Chapter 7


 

  

  I heard the pounding of footsteps tearing up the stairs before I’d realised what was going on.  The sound practically vibrated through the house.  When I think about it now it makes me shudder and the sensations, the tastes, sounds and smells, whip me right back to that night like a time-travelling machine.

 

A fight had broken out, that much was clear.  Between whom I couldn’t be sure.  There were only about twenty of us in the house and all of those people had been our friends.  I scanned the sea of familiar faces for Jack.  And then I heard his voice and it became apparent that he was at the epicentre of the whirlwind taking place upstairs.

 

A sensible girl would have fled in the opposite direction, or perhaps gone to investigate before seeking some sort of help.  Oh if only I were a sensible girl.

 

By the time I’d reached the hallway I was sucked immediately into the drama.  In the centre of a small crowd of our non-sensible friends were two strangers.  Both male.  Both looked off their heads on some kind of drug.
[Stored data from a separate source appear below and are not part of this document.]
lemma U_col_block:
  assumes k: "k < r" and j: "co k \<le> j" "j < co (Suc k)" and i: "i < n"
  shows "U $$ (i,j) = (if i = off ps k then 1 else 0) +
           (if i = off ps k + 1 + (j - co k) then U_sign k (j - co k) else 0)"
proof -
  define b where "b = j - co k"
  have jm: "j < m" using j co_le_CR[of "Suc k"] by simp
  have b: "b < pp k + qq k - 1" using j co_Suc[OF k] unfolding b_def by simp
  have os: "off ps (Suc k) = off ps k + pp k + qq k" by (rule off_Suc[OF k])
  show ?thesis
  proof (cases "i < R")
    case True
    then obtain k' where k': "k' < r" "off ps k' \<le> i" "i < off ps (Suc k')" by (rule block_cover)
    show ?thesis
    proof (cases "k' = k")
      case True
      have a: "i - off ps k < pp k + qq k" using k' True os by simp
      have "U $$ (i,j) = Ublock (pp k) (qq k) $$ (i - off ps k, b)"
        using U_block[OF k, of i j] k' True j jm unfolding b_def by simp
      also have "\<dots> = (if i - off ps k = 0 then 1 else if b = i - off ps k - 1 then
          (if i - off ps k < pp k then -1 else 1) else 0)"
        by (rule Ublock_entry[OF a b])
      finally show ?thesis using k' True unfolding b_def[symmetric] U_sign_def by auto
    next
      case False
      have "\<not> (co k' \<le> j \<and> j < co (Suc k'))" using col_block_unique[of k j k'] j False by auto
      hence "U $$ (i,j) = 0" using U_block[OF k'(1) k'(2,3) jm] by presburger
      moreover have "\<not> (off ps k \<le> i \<and> i < off ps (Suc k))"
        using block_unique[of k i k'] k' False by auto
      ultimately show ?thesis using b os unfolding b_def[symmetric] by auto
    qed
  next
    case False
    hence "U $$ (i,j) = 0" using U_rest[of i j] i jm j co_le_CR[of "Suc k"] by simp
    moreover have "off ps (Suc k) \<le> R" by (rule off_le_R)
    ultimately show ?thesis using b os False unfolding b_def[symmetric] by auto
  qed
qed

lemma U_col_rest:
  assumes j: "CR \<le> j" "j < m" and i: "i < n"
  shows "U $$ (i,j) = (if i = R + (j - CR) then 1 else 0)"
proof (cases "i < R")
  case True
  then obtain k' where k': "k' < r" "off ps k' \<le> i" "i < off ps (Suc k')" by (rule block_cover)
  hence "U $$ (i,j) = 0" using U_block[OF k'(1) k'(2,3) j(2)] j co_le_CR[of "Suc k'"] by simp
  thus ?thesis using True by simp
next
  case False
  thus ?thesis using U_rest[OF _ i j(2)] j by auto
qed

lemma Ut_apply_block:
  assumes k: "k < r" and j: "co k \<le> j" "j < co (Suc k)"
  shows "(\<Sum>i<n. U $$ (i,j) * v i) = v (off ps k) + U_sign k (j - co k) * v (off ps k + 1 + (j - co k))"
proof -
  have lt: "off ps k + 1 + (j - co k) < n"
    using j co_Suc[OF k] off_Suc[OF k] off_le_R[of "Suc k"] size by simp
  have "off ps k < n" using lt by simp
  thus ?thesis
    using lt U_col_block[OF k j]
    by (simp add: sum.distrib distrib_right if_distrib[of "\<lambda>x. x * v _"] cong: if_cong)
qed

lemma Ut_apply_rest:
  assumes j: "CR \<le> j" "j < m"
  shows "(\<Sum>i<n. U $$ (i,j) * v i) = v (R + (j - CR))"
proof -
  have "(\<Sum>i<n. U $$ (i,j) * v i) = (\<Sum>i<n. if i = R + (j - CR) then v i else 0)"
    using U_col_rest[OF j] by (intro sum.cong) auto
  thus ?thesis using j size by simp
qed

text \<open>The rows of \<open>U\<close> through the non-leading vertices of the blocks and through the
  non-bipartite part each contain a single nonzero entry; hence \<open>U\<close> is injective.\<close>

lemma U_row_block:
  assumes k: "k < r" and b: "b < pp k + qq k - 1" and j: "j < m"
  shows "U $$ (off ps k + 1 + b, j) = (if j = co k + b then U_sign k b else 0)"
proof -
  have os: "off ps (Suc k) = off ps k + pp k + qq k" by (rule off_Suc[OF k])
  have cs: "co (Suc k) = co k + (pp k + qq k - 1)" by (rule co_Suc[OF k])
  have i: "off ps k \<le> off ps k + 1 + b" "off ps k + 1 + b < off ps (Suc k)" using b os by auto
  show ?thesis
  proof (cases "co k \<le> j \<and> j < co (Suc k)")
    case True
    have "U $$ (off ps k + 1 + b, j) = Ublock (pp k) (qq k) $$ (1 + b, j - co k)"
      using U_block[OF k i j] True by simp
    also have "\<dots> = (if j - co k = b then U_sign k b else 0)"
      using Ublock_entry[of "1 + b" "pp k" "qq k" "j - co k"] b True cs unfolding U_sign_def by auto
    finally show ?thesis using True by auto
  next
    case False
    thus ?thesis using U_block[OF k i j] b cs by auto
  qed
qed

lemma U_row_rest:
  "d < n - R \<Longrightarrow> j < m \<Longrightarrow> U $$ (R + d, j) = (if j = CR + d then 1 else 0)"
  using U_rest[of "R + d" j] by auto

lemma U_injective:
  assumes x: "x \<in> carrier_vec m" and z: "U *\<^sub>v x = 0\<^sub>v n"
  shows "x = 0\<^sub>v m"
proof -
  have row: "(\<Sum>j'<m. U $$ (i,j') * x $ j') = 0" if "i < n" for i
    using mult_mat_vec_entry[OF U_carrier x that] z that by simp
  have "x $ j = 0" if j: "j < m" for j
    using j
  proof (cases rule: col_cover)
    case (1 k)
    define b where "b = j - co k"
    have b: "b < pp k + qq k - 1" using 1 co_Suc[OF 1(1)] unfolding b_def by simp
    have lt: "off ps k + 1 + b < n" using b off_Suc[OF 1(1)] off_le_R[of "Suc k"] size by simp
    have "(\<Sum>j'<m. U $$ (off ps k + 1 + b, j') * x $ j') = (\<Sum>j'<m. if j' = co k + b then U_sign k b * x $ j' else 0)"
      using U_row_block[OF 1(1) b] by (intro sum.cong) auto
    also have "\<dots> = U_sign k b * x $ j" using j 1 unfolding b_def by simp
    finally show ?thesis using row[OF lt] unfolding U_sign_def by (simp split: if_splits)
  next
    case 2
    have "(\<Sum>j'<m. U $$ (R + (j - CR), j') * x $ j') = (\<Sum>j'<m. if j' = CR + (j - CR) then x $ j' else 0)"
      using U_row_rest[of "j - CR"] j 2 by (intro sum.cong) auto
    also have "\<dots> = x $ j" using j 2 by simp
    finally show ?thesis using row[of "R + (j - CR)"] j 2 size by simp
  qed
  thus ?thesis using x by (intro eq_vecI) auto
qed
lemma words_wt_eq_if_subwords_extended:
  assumes a: "a \<in> words_wt n q w" and a': "a' \<in> words_wt n q w" and t: "1 \<le> t" "t \<le> w"
    and sub: "\<And>v. v \<in> words_wt n q t \<Longrightarrow> extends n a v \<Longrightarrow> extends n a' v"
  shows "a = a'"
proof -
  have agree: "a' i = a i" if i: "i < n" "a i \<noteq> None" for i
  proof -
    obtain v where v: "v \<in> words_wt n q t" "extends n a v" "v i \<noteq> None"
      using ex_subword_through[OF a i t] by blast
    show ?thesis using sub[OF v(1,2)] v i by (simp add: extends_def)
  qed
  let ?S = "{i. i < n \<and> a i \<noteq> None}" and ?S' = "{i. i < n \<and> a' i \<noteq> None}"
  have "?S \<subseteq> ?S'" using agree by force
  moreover have "card ?S = card ?S'" using a a' by (simp add: words_wt_def weight_def)
  ultimately have "?S = ?S'" by (intro card_subset_eq) auto
  then have "a i = a' i" if "i < n" for i
  proof -
    have "a i = None \<longleftrightarrow> a' i = None" using \<open>?S = ?S'\<close> that by blast
    then show ?thesis using agree[of i] that by metis
  qed
  moreover have "a i = a' i" if "\<not> i < n" for i
    using a a' that by (simp add: words_wt_def words_def)
  ultimately show ?thesis by blast
qed

lemma diagonals_subset_Pow: "diagonals m N \<subseteq> Pow ({..<m} \<rightarrow>\<^sub>E {1..N})"
  by (auto simp: diagonals_def)

lemma finite_diagonals: "finite (diagonals m N)"
  by (rule finite_subset[OF diagonals_subset_Pow]) (simp add: finite_PiE)

lemma per_01_eq_card:
  assumes "\<And>x. a x \<le> 1"
  shows "per m N a = card {I \<in> diagonals m N. \<forall>x\<in>I. a x = 1}"
proof -
  have "(\<Prod>x\<in>I. a x) = (if \<forall>x\<in>I. a x = 1 then 1 else 0)" if "I \<in> diagonals m N" for I
  proof (cases "\<forall>x\<in>I. a x = 1")
    case False
    then obtain x where x: "x \<in> I" "a x \<noteq> 1" by blast
    then have "a x = 0" using assms[of x] by linarith
    moreover have "I \<subseteq> {..<m} \<rightarrow>\<^sub>E {1..N}" using that diagonals_subset_Pow by blast
    then have "finite I" by (rule finite_subset) (simp add: finite_PiE)
    ultimately show ?thesis using False x(1) by (auto simp: prod_zero_iff)
  qed simp
  then have "per m N a = (\<Sum>I\<in>diagonals m N. if \<forall>x\<in>I. a x = 1 then 1 else 0)"
    unfolding per_def by (rule sum.cong[OF refl])
  also have "\<dots> = card {I \<in> diagonals m N. \<forall>x\<in>I. a x = 1}"
    using finite_diagonals by (simp add: sum.inter_filter[symmetric])
  finally show ?thesis .
qed

lemma diagonals_iff_bij_coordinates:
  assumes "0 < m" and "I \<subseteq> {..<m} \<rightarrow>\<^sub>E {1..N}"
  shows "I \<in> diagonals m N \<longleftrightarrow> (\<forall>k<m. bij_betw (\<lambda>x. x k) I {1..N})"
proof
  assume I: "I \<in> diagonals m N"
  show "\<forall>k<m. bij_betw (\<lambda>x. x k) I {1..N}"
  proof (intro allI impI)
    fix k assume k: "k < m"
    have inj: "inj_on (\<lambda>x. x k) I"
      using I k unfolding diagonals_def inj_on_def by blast
    moreover have "(\<lambda>x. x k) ` I \<subseteq> {1..N}" using assms(2) k by (auto simp: PiE_iff)
    moreover have "card ((\<lambda>x. x k) ` I) = card {1..N}"
      using I by (simp add: card_image[OF inj] diagonals_def)
    ultimately show "bij_betw (\<lambda>x. x k) I {1..N}"
      by (simp add: bij_betw_def card_subset_eq)
  qed
next
  assume bij: "\<forall>k<m. bij_betw (\<lambda>x. x k) I {1..N}"
  then have "card I = card {1..N}" using assms(1) by (blast intro: bij_betw_same_card)
  moreover have "x k \<noteq> y k" if "x \<in> I" "y \<in> I" "x \<noteq> y" "k < m" for x y k
    using bij that by (metis bij_betw_def inj_onD)
  ultimately show "I \<in> diagonals m N" using assms(2) by (auto simp: diagonals_def)
qed

lemma card_subsets_image_eq:
  assumes "inj_on f W"
  shows "card {D. D \<subseteq> W \<and> P (f ` D)} = card {I. I \<subseteq> f ` W \<and> P I}"
proof -
  have "inj_on (image f) {D. D \<subseteq> W \<and> P (f ` D)}"
    using inj_on_image_Pow[OF assms] by (rule inj_on_subset) auto
  moreover have "image f ` {D. D \<subseteq> W \<and> P (f ` D)} = {I. I \<subseteq> f ` W \<and> P I}"
    by (auto simp: subset_image_iff)
  ultimately show ?thesis by (metis card_image)
qed

locale A_design_partition =
  fixes n q w t m N :: nat and A :: "nat \<Rightarrow> word set" and enum :: "nat \<Rightarrow> nat \<Rightarrow> word"
  assumes t_pos: "1 \<le> t" and t_le_w: "t \<le> w" and m_pos: "0 < m"
    and A_design: "i < m \<Longrightarrow> A_design n q w t (A i)"
    and words_wt_covered: "words_wt n q t \<subseteq> (\<Union>i<m. A i)"
    and enum_bij: "i < m \<Longrightarrow> bij_betw (enum i) {1..N} (A i)"
begin

definition shadow :: "nat \<Rightarrow> word \<Rightarrow> word" where
  "shadow i a = (THE v. v \<in> A i \<and> extends n a v)"

lemma ex1_extended_in_part:
  "i < m \<Longrightarrow> a \<in> words_wt n q w \<Longrightarrow> \<exists>!v. v \<in> A i \<and> extends n a v"
  using A_design by (simp add: A_design_def)

lemma shadow_in_part:
  assumes "i < m" "a \<in> words_wt n q w"
  shows "shadow i a \<in> A i" and "extends n a (shadow i a)"
  using theI'[OF ex1_extended_in_part[OF assms]] by (simp_all add: shadow_def)

lemma shadow_eq_iff:
  assumes "i < m" "a \<in> words_wt n q w" "v \<in> A i"
  shows "shadow i a = v \<longleftrightarrow> extends n a v"
  using ex1_extended_in_part[OF assms(1,2)] shadow_in_part[OF assms(1,2)] assms(3) by blast

text \<open>The tuple \<open>coords a\<close> is the edge of GA formed by the subwords of weight \<open>t\<close> of \<open>a\<close>.\<close>
definition coords :: "word \<Rightarrow> nat \<Rightarrow> nat" where
  "coords a = (\<lambda>i\<in>{..<m}. inv_into {1..N} (enum i) (shadow i a))"

lemma enum_coords:
  assumes "i < m" "a \<in> words_wt n q w"
  shows "enum i (coords a i) = shadow i a"
  using shadow_in_part(1)[OF assms] enum_bij[OF assms(1)]
  by (simp add: coords_def bij_betw_def f_inv_into_f assms(1))

lemma coords_PiE: "a \<in> words_wt n q w \<Longrightarrow> coords a \<in> {..<m} \<rightarrow>\<^sub>E {1..N}"
  using shadow_in_part(1) enum_bij
  by (auto simp: coords_def bij_betw_def intro!: inv_into_into simp del: One_nat_def)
Both were scarily aggressive. 

 

‘Get out!’ I heard one of the girls scream.

‘Fuck off out of here,’ Said someone else. 

 

It was difficult to see exactly what was going on because somebody had pulled my head back by my hair and somehow I found myself being spun around in a circle.

 

The front door was open and outside there were more guys.  Maybe ten of them in total.  They were aged perhaps late teens early twenties.  Greasy-looking, they wore a combination of cheap vinyl jackets and scruffy jeans, to be honest the word, ‘Chav’ sprang to mind.

 

‘What are you doing here??’ I asked the nearest male.  He was the youngest-looking of the group.  I tried to make some kind of contact with him but his eyes were entirely glazed over.  His pupils were glossy, his lips dry.  He didn’t respond at all.  He just stared.

 

‘Please leave!’ I told him.  In my best authorative tone.  My eyes dropped.  In his hands was a large stone paving slab.   The kind that people use to create patios in their gardens.  Our landlord had left several spare slabs leaning against the fence and now this guy was clutching one of them, his knuckles white.

 

The pushing and shoving continued.  Somebody smashed a beer bottle on the back of the head of the tallest stranger.  He roared with anger and at that the chaos erupted.

 

I turned to flee the scene, but before I had a chance to take a single step a heavy weight plunged into the crown of my head.

 

‘What the fuck?’ I muttered.  My arms instantly rose to the core of the pain. My hands cupping the spot that stung immensely.  The rest of my body felt limp and without warning my knees gave way and I slumped to the ground like a rag-doll.

 

I had been smacked on the head by the pikey bloke standing at my door.  I hadn’t known him from Adam.  I had never done anything to anger him and yet he had pounded a paving slab into my head.

 

That’s when the smashing began.  The entire house sounded as though it were shattering.  Like it had suddenly been transported to the centre of a war-zone.

 

Shrill screams could be heard from upstairs.  Doors slamming, cabinets crashing to the ground.  Somebody stood on my head and pulled my hair. I felt as though it were being pulled out in clumps.

 

Suddenly I felt my body being pulled into Massimo’s bedroom, directly off the hallway. Through blurred vision I could just make out Massimo’s face, his soft South African accent confirmed he was with me.

 

‘Get down,’ He whispered, ‘Keep your head down,’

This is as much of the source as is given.